Now, why does HMM require the Viterbi search procedure, and LSTM/RNN doesn't?
Inference in LSTM is linear in the length of the sequence -- ignoring the classifier decision time.
Why does this work without Viterbi?
Given the fact that even Conditional Random Fields need dynamic programming, and that Maximum Entropy Markov Model suffers the inability to learn quickly without dynamic programming and make inference not suffer label bias.
What is so special about LSTM that it doesn't need DP.
RNN obviously learns a much better representation of features. Still, why then won't HMMs work with that same representation without the search part?
Really baffles me.
Although, there exists a process that doesn't use NN for sequence labeling and it is linear in the length of sequence and works well. Instead of using a simple classifier as is the case in MEMMs, one can use a cost-sensitive classifier and learn for each decision associated future loss and greedily avoid the loss.
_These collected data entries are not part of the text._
text \<open>
  Write \<open>\<sigma> = sgn u\<^sup>\<star>\<close> and \<open>V = \<parallel>u\<^sup>\<star>\<parallel>\<^sub>1\<close>. Termwise
  \<open>\<bar>v\<^sub>i v\<^sub>j - u\<^sup>\<star>\<^sub>i u\<^sup>\<star>\<^sub>j\<bar> \<ge> \<bar>u\<^sup>\<star>\<^sub>i\<bar> \<bar>u\<^sup>\<star>\<^sub>j\<bar> - \<sigma>\<^sub>i v\<^sub>i \<sigma>\<^sub>j v\<^sub>j\<close>, so
  \<open>2 f v \<ge> V\<^sup>2 - \<langle>\<sigma>, v\<rangle>\<^sup>2\<close>, with equality on the box \<open>\<bar>v\<^sub>i\<bar> \<le> \<bar>u\<^sup>\<star>\<^sub>i\<bar>\<close>.

  A spurious stationary point \<open>u\<close> satisfies \<open>\<langle>\<sigma>, u\<rangle> = 0\<close> and lies in the box. For the first
  claim pass to the ratios \<open>\<rho> = u / u\<^sup>\<star>\<close> on the support of \<open>u\<^sup>\<star>\<close>: monotonicity of \<open>Sign\<close>
  forces the rows of the certificate \<open>Z\<close> belonging to the smallest and the largest ratio to
  agree there, and from this one row has constant sign \<open>\<pm>1\<close>, which turns \<open>Z u = 0\<close> into
  \<open>\<langle>\<sigma>, u\<rangle> = 0\<close> (unless \<open>u = \<pm>u\<^sup>\<star>\<close>). Then \<open>2 f u = -u\<^sup>\<star>\<^sup>T Z u\<^sup>\<star> \<le> V\<^sup>2\<close>, so the lower
  bound is attained at \<open>u\<close>, which forces \<open>u\<close> into the box.

  Hence \<open>f u = V\<^sup>2 / 2\<close>, the second-order difference quotient at \<open>(t, w')\<close> is at least
  \<open>-\<langle>\<sigma>, w'\<rangle>\<^sup>2 \<longrightarrow> -\<langle>\<sigma>, w\<rangle>\<^sup>2 = -V\<^sup>2\<close>, and it equals \<open>-V\<^sup>2\<close> along the segment from \<open>u\<close>
  to \<open>\<pm>u\<^sup>\<star>\<close>, which stays in the box.
\<close>

lemma Sign_abs_le: "z \<in> Sign a \<Longrightarrow> \<bar>z\<bar> \<le> 1"
  by (auto simp: Sign_def abs_sgn_eq split: if_splits)

lemma Sign_mult_self: "z \<in> Sign a \<Longrightarrow> z * a = \<bar>a\<bar>"
  by (auto simp: Sign_def abs_if sgn_if split: if_splits)

lemma Sign_pos [simp]: "0 < a \<Longrightarrow> Sign a = {1}"
  and Sign_neg [simp]: "a < 0 \<Longrightarrow> Sign a = {-1}"
  by (auto simp: Sign_def)

lemma Sign_pos_eq: "0 < a \<Longrightarrow> z \<in> Sign a \<Longrightarrow> z = 1"
  and Sign_neg_eq: "a < 0 \<Longrightarrow> z \<in> Sign a \<Longrightarrow> z = -1"
  by simp_all

lemma Sign_imp_nonneg: "z \<in> Sign a \<Longrightarrow> z \<noteq> -1 \<Longrightarrow> 0 \<le> a"
  by (cases a "0::real" rule: linorder_cases) auto

lemma Sign_imp_nonpos: "z \<in> Sign a \<Longrightarrow> z \<noteq> 1 \<Longrightarrow> a \<le> 0"
  by (cases a "0::real" rule: linorder_cases) auto

lemma Sign_imp_zero: "z \<in> Sign a \<Longrightarrow> \<bar>z\<bar> < 1 \<Longrightarrow> a = 0"
  by (cases a "0::real" rule: linorder_cases) auto

lemma Sign_mult_cancel: "c \<noteq> 0 \<Longrightarrow> z \<in> Sign (c * a) \<Longrightarrow> sgn c * z \<in> Sign a"
  by (cases "0 < c") (auto simp: Sign_def sgn_mult sgn_if zero_less_mult_iff mult_less_0_iff split: if_splits)

lemma Sign_ratio:
  fixes a b c d z :: real
  assumes "a \<noteq> 0" "b \<noteq> 0" "z \<in> Sign (c * d - a * b)"
  shows "sgn a * sgn b * z \<in> Sign (c / a * (d / b) - 1)"
proof -
  have "c * d - a * b = (a * b) * (c / a * (d / b) - 1)"
    using assms(1,2) by (simp add: field_simps)
  then show ?thesis
    using Sign_mult_cancel[of "a * b"] assms by (simp add: sgn_mult)
qed

lemma Sign_monotone:
  assumes "z \<in> Sign a" "z' \<in> Sign b"
  shows "0 \<le> (a - b) * (z - z')"
proof -
  have "\<bar>z * b\<bar> \<le> \<bar>b\<bar>" "\<bar>z' * a\<bar> \<le> \<bar>a\<bar>"
    unfolding abs_mult using Sign_abs_le[OF assms(1)] Sign_abs_le[OF assms(2)]
    by (simp_all add: mult_left_le_one_le)
  then have "z * b \<le> \<bar>b\<bar>" "z' * a \<le> \<bar>a\<bar>"
    by linarith+
  then show ?thesis
    using Sign_mult_self[OF assms(1)] Sign_mult_self[OF assms(2)] by (simp add: algebra_simps)
qed

lemma extreme_product_gt_one:
  fixes p q :: real
  assumes "p < q" "1 \<le> p * p" "1 \<le> q * q" "1 \<le> p * q"
  shows "(\<forall>r\<in>{p..q}. 1 < q * r) \<or> (\<forall>r\<in>{p..q}. 1 < p * r)"
proof (cases "0 < p")
  case True
  have "1 < q * r" if "r \<in> {p..q}" for r
  proof -
    have "q * p \<le> q * r"
      using that True assms(1) by (intro mult_left_mono) auto
    moreover have "p * p < q * p"
      using True assms(1) by simp
    ultimately show ?thesis
      using assms(2) by linarith
  qed
  then show ?thesis by blast
next
  case False
  have "q < 0"
  proof (rule ccontr)
    assume "\<not> q < 0"
    then have "p * q \<le> 0"
      using False by (simp add: mult_nonpos_nonneg)
    then show False
      using assms(4) by linarith
  qed
  have "1 < p * r" if "r \<in> {p..q}" for r
  proof -
    have "p * q \<le> p * r"
      using that False by (intro mult_left_mono_neg) auto
    moreover have "q * q < p * q"
      using \<open>q < 0\<close> assms(1) by simp
    ultimately show ?thesis
      using assms(3) by linarith
  qed
  then show ?thesis by blast
qed
section \<open>The P-GRPDA iteration\<close>

locale pgrpda =
  fixes f :: "'x::euclidean_space \<Rightarrow> ereal"
    and g :: "'y::euclidean_space \<Rightarrow> ereal"
    and K :: "'x \<Rightarrow> 'y"
    and h :: "'x \<Rightarrow> real" and gradh :: "'x \<Rightarrow> 'x" and L :: real
    and \<beta> \<psi> \<mu> \<mu>' \<tau>0 :: real
    and z x :: "nat \<Rightarrow> 'x" and w y :: "nat \<Rightarrow> 'y" and \<tau> \<sigma> :: "nat \<Rightarrow> real"
  assumes f_proper: "proper_fun f" and f_convex: "convex_efun f" and f_lsc: "lsc_efun f"
    and g_proper: "proper_fun g" and g_convex: "convex_efun g" and g_lsc: "lsc_efun g"
    and K_linear: "linear K"
    and h_convex: "convex_on UNIV h"
    and h_grad: "\<And>u. (h has_derivative (\<lambda>d. inner (gradh u) d)) (at u)"
    and L_pos: "L > 0"
    and h_lipschitz: "\<And>u v. norm (gradh u - gradh v) \<le> L * norm (u - v)"
    and beta_pos: "\<beta> > 0"
    and psi: "1 < \<psi>" "\<psi> \<le> golden_ratio"
    and mu: "0 < 2 * \<mu>'" "2 * \<mu>' < \<mu>" "\<mu> < \<psi> / 2"
    and tau0: "\<tau>0 > 0" "\<tau> 0 = \<tau>0"
    and z_upd: "\<And>n. n \<ge> 1 \<Longrightarrow> z n = ((\<psi> - 1) / \<psi>) *\<^sub>R x (n - 1) + (1 / \<psi>) *\<^sub>R z (n - 1)"
    and x_upd: "\<And>n. n \<ge> 1 \<Longrightarrow>
       x n = prox (\<tau> (n - 1)) f (z n - \<tau> (n - 1) *\<^sub>R adjoint K (y (n - 1))
                                    - \<tau> (n - 1) *\<^sub>R gradh (x (n - 1)))"
    and tau_upd: "\<And>n. n \<ge> 1 \<Longrightarrow>
       \<tau> n = min (\<tau> (n - 1))
               (min (step_term (\<tau> (n - 1)) (\<mu> * norm (x n - x (n - 1)))
                               (sqrt \<beta> * norm (K (x n) - K (x (n - 1)))))
                    (step_term (\<tau> (n - 1)) (\<mu>' * norm (x n - x (n - 1)))
                               (norm (gradh (x n) - gradh (x (n - 1))))))"
    and sigma_upd: "\<And>n. n \<ge> 1 \<Longrightarrow> \<sigma> n = \<beta> * \<tau> n"
    and w_upd: "\<And>n. n \<ge> 1 \<Longrightarrow> w n = prox (1 / \<sigma> n) g ((1 / \<sigma> n) *\<^sub>R y (n - 1) + K (x n))"
    and y_upd: "\<And>n. n \<ge> 1 \<Longrightarrow> y n = y (n - 1) + \<sigma> n *\<^sub>R (K (x n) - w n)"
begin

lemma psi_sq_le: "\<psi> ^ 2 \<le> \<psi> + 1"
  using power2_le_add_one_if_le_golden_ratio psi by simp

lemma tau_Suc_le: "\<tau> (Suc n) \<le> \<tau> n"
  using tau_upd[of "Suc n"] by simp

lemma tau_lower_bound:
  obtains c where "0 < c" and "\<And>n. c \<le> \<tau> n"
proof -
  obtain BK where BK: "0 < BK" "\<And>d. norm (K d) \<le> norm d * BK"
    using bounded_linear.pos_bounded K_linear linear_conv_bounded_linear by blast
  define c where "c = min \<tau>0 (min (\<mu> / (sqrt \<beta> * BK)) (\<mu>' / L))"
  have "c \<le> \<tau> n" for n
  proof (induction n)
    case 0
    then show ?case using tau0 unfolding c_def by simp
  next
    case (Suc n)
    let ?dx = "norm (x (Suc n) - x n)"
    have "c \<le> \<mu> / (sqrt \<beta> * BK)" unfolding c_def by simp
    also have "\<dots> \<le> \<mu> * ?dx / (sqrt \<beta> * norm (K (x (Suc n)) - K (x n)))"
      if "sqrt \<beta> * norm (K (x (Suc n)) - K (x n)) \<noteq> 0"
      using that BK(2)[of "x (Suc n) - x n"] linear_diff[OF K_linear] BK(1) beta_pos mu
      by (simp add: field_simps mult_left_mono)
    finally have K_term: "c \<le> step_term (\<tau> n) (\<mu> * ?dx) (sqrt \<beta> * norm (K (x (Suc n)) - K (x n)))"
      using Suc mu by (intro step_term_lower_bound) auto
    have "c \<le> \<mu>' / L" unfolding c_def by simp
    also have "\<dots> \<le> \<mu>' * ?dx / norm (gradh (x (Suc n)) - gradh (x n))"
      if "norm (gradh (x (Suc n)) - gradh (x n)) \<noteq> 0"
      using that h_lipschitz[of "x (Suc n)" "x n"] L_pos mu by (simp add: field_simps mult_left_mono)
    finally have grad_term: "c \<le> step_term (\<tau> n) (\<mu>' * ?dx) (norm (gradh (x (Suc n)) - gradh (x n)))"
      using Suc mu by (intro step_term_lower_bound) auto
    show ?case using tau_upd[of "Suc n"] Suc K_term grad_term by simp
  qed
  moreover have "0 < c" unfolding c_def using tau0 mu beta_pos BK L_pos by simp
  ultimately show thesis using that by blast
qed

lemma tau_pos: "0 < \<tau> n"
  using tau_lower_bound by (metis less_le_trans)

lemma sigma_pos: "1 \<le> n \<Longrightarrow> 0 < \<sigma> n"
  using sigma_upd beta_pos tau_pos by simp

lemma K_step: "sqrt \<beta> * \<tau> (Suc n) * norm (K (x n) - K (x (Suc n))) \<le> \<mu> * norm (x n - x (Suc n))"
proof -
  have "\<tau> (Suc n) \<le> step_term (\<tau> n) (\<mu> * norm (x (Suc n) - x n)) (sqrt \<beta> * norm (K (x (Suc n)) - K (x n)))"
    using tau_upd[of "Suc n"] by simp
  from le_step_term_imp_mult_le[OF this] mu beta_pos show ?thesis
    by (simp add: norm_minus_commute algebra_simps)
qed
This allows the usage of a simple multiclass classifier, removes the search part and can work as well as NN given the right features.
kastnerkyle|9 years ago
supercarrot|9 years ago
For example, instead of learning the sequence labeling as a sequence of n decisions (where n is the length of the sequence) you can learn sequence labeling as a sequence of 3n+1 decisions where you make 3 decisions for each sequence element and after 3n decision pick one out of three decision streams that minimizes loss using an extra decision. (when inference is done then the classifier will, hopefully, pick the stream that minimizes test loss).
This simulates a beam search and can be done during learning and inference and is probably more effective than picking confidence scores of particular decisions and keeping a beam of most confident partial sequences.
Bean search is a heuristic thing that improves performance and is done mostly to allow you to correct mistakes you made at the beginning of the process.
http://arxiv.org/abs/1603.06042
they illustrate the problem well (label bias).
the question remains the same, for example, in the paper above they approximate the partition function of CRFs with a beam but get superior results to other structured prediction methods.